Stored items:
####
section \<open>Cochains\<close>

text \<open>The support conditions say that \<open>f\<^sub>v\<close> takes values in \<open>KQ e\<^sub>v\<close> and \<open>g\<^sub>a\<close> in \<open>KQ e\<^bsub>t a\<^esub>\<close>, where
  \<open>KQ e\<^sub>v\<close> consists of the elements of \<open>KQ\<close> supported on paths ending at \<open>v\<close>.\<close>

definition vertex_cochain ::
  "'v set \<Rightarrow> 'a set \<Rightarrow> ('a \<Rightarrow> 'v) \<Rightarrow> ('a \<Rightarrow> 'v) \<Rightarrow> ('k::field \<Rightarrow> 'x::ab_group_add \<Rightarrow> 'x)
     \<Rightarrow> ('v \<Rightarrow> 'x set) \<Rightarrow> ('v \<Rightarrow> 'x \<Rightarrow> 'v \<times> 'a list \<Rightarrow> 'k) \<Rightarrow> bool" where
  "vertex_cochain Q0 Q1 s t scale V f \<longleftrightarrow> (\<forall>v\<in>Q0. \<forall>x\<in>V v.
     f v x \<in> path_alg_carrier Q0 Q1 s t \<and> (\<forall>q. f v x q \<noteq> 0 \<longrightarrow> path_tgt t q = v) \<and>
     (\<forall>y\<in>V v. f v (x + y) = (\<lambda>q. f v x q + f v y q)) \<and>
     (\<forall>c. f v (scale c x) = (\<lambda>q. c * f v x q)))"

definition arrow_cochain ::
  "'v set \<Rightarrow> 'a set \<Rightarrow> ('a \<Rightarrow> 'v) \<Rightarrow> ('a \<Rightarrow> 'v) \<Rightarrow> ('k::field \<Rightarrow> 'x::ab_group_add \<Rightarrow> 'x)
     \<Rightarrow> ('v \<Rightarrow> 'x set) \<Rightarrow> ('a \<Rightarrow> 'x \<Rightarrow> 'v \<times> 'a list \<Rightarrow> 'k) \<Rightarrow> bool" where
  "arrow_cochain Q0 Q1 s t scale V g \<longleftrightarrow> (\<forall>a\<in>Q1. \<forall>x\<in>V (s a).
     g a x \<in> path_alg_carrier Q0 Q1 s t \<and> (\<forall>q. g a x q \<noteq> 0 \<longrightarrow> path_tgt t q = t a) \<and>
     (\<forall>y\<in>V (s a). g a (x + y) = (\<lambda>q. g a x q + g a y q)) \<and>
     (\<forall>c. g a (scale c x) = (\<lambda>q. c * g a x q)))"
lemma Mfun_eq_integral:
  "Mfun f \<phi> \<theta>s \<theta> = integral {a..a+1} (\<lambda>u. integral {a..a+1} (kernel \<theta> u))"
proof -
  have lbint: "(LBINT x=0..1. g x) = integral {0..1} g" if "continuous_on UNIV g" for g :: "real \<Rightarrow> real"
  proof -
    have "set_integrable lborel {0..1::real} g"
      unfolding set_integrable_def using that
      by (intro borel_integrable_compact) (auto intro: continuous_on_subset)
    then show ?thesis by (simp add: interval_integral_eq_integral zero_ereal_def one_ereal_def)
  qed
  interpret per_kernel: periodic_fun_simple' "kernel \<theta> u" for u
    by unfold_locales (simp add: kernel_def f.plus_1)
  interpret per_int: periodic_fun_simple' "\<lambda>u. integral {0..1} (kernel \<theta> u)"
  proof
    fix u
    have "f (u + 1 + \<theta>s - \<theta>) = f (u + \<theta>s - \<theta>)" using f.plus_1[of "u + \<theta>s - \<theta>"] by (simp add: algebra_simps)
    then have "kernel \<theta> (u + 1) = kernel \<theta> u" by (simp add: kernel_def fun_eq_iff f.plus_1)
    then show "integral {0..1} (kernel \<theta> (u + 1)) = integral {0..1} (kernel \<theta> u)" by simp
  qed
  have "(LBINT x=0..1. kernel \<theta> u x) = integral {0..1} (kernel \<theta> u)" for u
    by (rule lbint[OF continuous_kernel_slice])
  then have "Mfun f \<phi> \<theta>s \<theta> = (LBINT u=0..1. integral {0..1} (kernel \<theta> u))"
    unfolding Mfun_def by (simp only: kernel_def)
  also have "\<dots> = integral {0..1} (\<lambda>u. integral {0..1} (kernel \<theta> u))"
    by (rule lbint[OF continuous_integral_kernel])
  also have "\<dots> = integral {a..a+1} (\<lambda>u. integral {0..1} (kernel \<theta> u))"
    by (intro integral_periodic_shift[symmetric] continuous_integral_kernel) unfold_locales
  also have "\<dots> = integral {a..a+1} (\<lambda>u. integral {a..a+1} (kernel \<theta> u))"
    by (intro integral_cong integral_periodic_shift[symmetric] continuous_kernel_slice) unfold_locales
  finally show ?thesis .
qed
text \<open>A strict outward drift at time T persists for a short time by continuity, so the
  intervals that are empty at time T remain empty slightly beyond T.  Degenerate
  intervals a = b cannot occur here, as the two sign conditions would contradict.\<close>
lemma tp_vanishing_persists:
  fixes \<alpha> \<beta> :: "nat \<Rightarrow> real"
  assumes sol: "tp_solution_D0 V f" and cont_V: "continuous_on UNIV V" and "T \<ge> 0"
    and drift: "\<forall>j<n. circ_conv V (f T) (\<alpha> j) > 0 \<and> circ_conv V (f T) (\<beta> j) < 0"
    and empty: "\<forall>j<n. \<forall>x\<in>{\<alpha> j..\<beta> j}. f T x = 0"
  shows "\<exists>d>0. \<forall>s. T < s \<and> s < T + d \<longrightarrow> (\<forall>j<n. \<forall>x\<in>{\<alpha> j..\<beta> j}. f s x = 0)"
proof -
  have lim: "((\<lambda>s. circ_conv V (f s) \<theta>) \<longlongrightarrow> circ_conv V (f T) \<theta>) (at T within {0..})" for \<theta>
    using tp_velocity_continuous[OF sol cont_V \<open>T \<ge> 0\<close>] by (simp add: continuous_within)
  have "eventually (\<lambda>s. \<forall>j\<in>{..<n}. circ_conv V (f s) (\<alpha> j) > 0 \<and> circ_conv V (f s) (\<beta> j) < 0)
          (at T within {0..})"
  proof (rule eventually_ball_finite, simp, intro ballI eventually_conj)
    fix j assume "j \<in> {..<n}"
    then have pos: "0 < circ_conv V (f T) (\<alpha> j)" and neg: "circ_conv V (f T) (\<beta> j) < 0"
      using drift by simp_all
    show "\<forall>\<^sub>F s in at T within {0..}. 0 < circ_conv V (f s) (\<alpha> j)"
      by (rule order_tendstoD(1)[OF lim pos])
    show "\<forall>\<^sub>F s in at T within {0..}. circ_conv V (f s) (\<beta> j) < 0"
      by (rule order_tendstoD(2)[OF lim neg])
  qed
  then obtain d where "d > 0" and near_T: "\<And>s. s \<in> {0..} \<Longrightarrow> s \<noteq> T \<Longrightarrow> dist s T < d \<Longrightarrow>
      (\<forall>j\<in>{..<n}. circ_conv V (f s) (\<alpha> j) > 0 \<and> circ_conv V (f s) (\<beta> j) < 0)"
    unfolding eventually_at by auto
  have "\<forall>x\<in>{\<alpha> j..\<beta> j}. f s x = 0" if s: "T < s" "s < T + d" and "j < n" for s j
  proof (cases "\<alpha> j < \<beta> j")
    case True
    have "circ_conv V (f r) (\<alpha> j) \<ge> 0 \<and> circ_conv V (f r) (\<beta> j) \<le> 0" if "T < r" "r < s" for r
    proof -
      have "r \<in> {0..}" "r \<noteq> T" "dist r T < d"
        using that s \<open>T \<ge> 0\<close> by (auto simp: dist_real_def)
      from near_T[OF this] have "0 < circ_conv V (f r) (\<alpha> j) \<and> circ_conv V (f r) (\<beta> j) < 0"
        using \<open>j < n\<close> by blast
      then show ?thesis by simp
    qed
    moreover have "\<forall>x\<in>{\<alpha> j..\<beta> j}. f T x = 0" using empty \<open>j < n\<close> by blast
    ultimately show ?thesis
      using tp_interval_stays_empty[OF sol True \<open>T \<ge> 0\<close>] s by simp
  next
    case False
    then have "\<alpha> j > \<beta> j"
      using drift \<open>j < n\<close> by (metis less_asym linorder_neqE_linordered_idom)
    then show ?thesis by simp
  qed
  with \<open>d > 0\<close> show ?thesis by blast
qed
lemma weighted_minimizers_bounded:
  fixes K :: "real^'n^'m" and Dh Dv :: "real^'n^'n" and x W :: "nat \<Rightarrow> real^'n"
  assumes ker: "\<forall>x. K *v x = 0 \<and> Dh *v x = 0 \<and> Dv *v x = 0 \<longrightarrow> x = 0"
    and lam: "0 < lam" and W: "W \<longlonglongrightarrow> W0" "\<forall>i. 0 < W0 $ i"
    and le: "\<And>k. weighted_energy K Dh Dv lam y (W k) (x k) \<le> weighted_energy K Dh Dv lam y (W k) 0"
  shows "Bseq x"
proof -
  obtain c where c: "0 < c" "\<forall>\<^sub>F k in sequentially. \<forall>i. c \<le> W k $ i"
    by (rule eventually_uniform_lower_bound[OF W])
  obtain B where B: "B > 0" "\<And>x. B * norm x \<le> norm (K *v x) + (\<Sum>i\<in>UNIV. absD Dh Dv x $ i)"
    using norm_le_K_plus_sum_absD[OF ker] by blast
  define M where "M = (2 * norm y + (norm y)\<^sup>2 / (lam * c)) / B"
  have "\<forall>\<^sub>F k in sequentially. norm (x k) \<le> norm M"
    using c(2)
  proof (rule eventually_mono)
    fix k assume "\<forall>i. c \<le> W k $ i"
    then have "B * norm (x k) \<le> 2 * norm y + (norm y)\<^sup>2 / (lam * c)"
      by (rule order_trans[OF B(2) weighted_energy_sublevel_bound[OF lam c(1) _ le]])
    then show "norm (x k) \<le> norm M"
      unfolding M_def using B(1) by (simp add: pos_le_divide_eq mult.commute)
  qed
  then show ?thesis
    by (rule Bseq_eventually_mono) (rule Bfun_const)
qed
####
● **BRIEF**
If a line of the records above contains the word "scale", count it; give only the total.

● **RESULT FOR THIS TASK**
4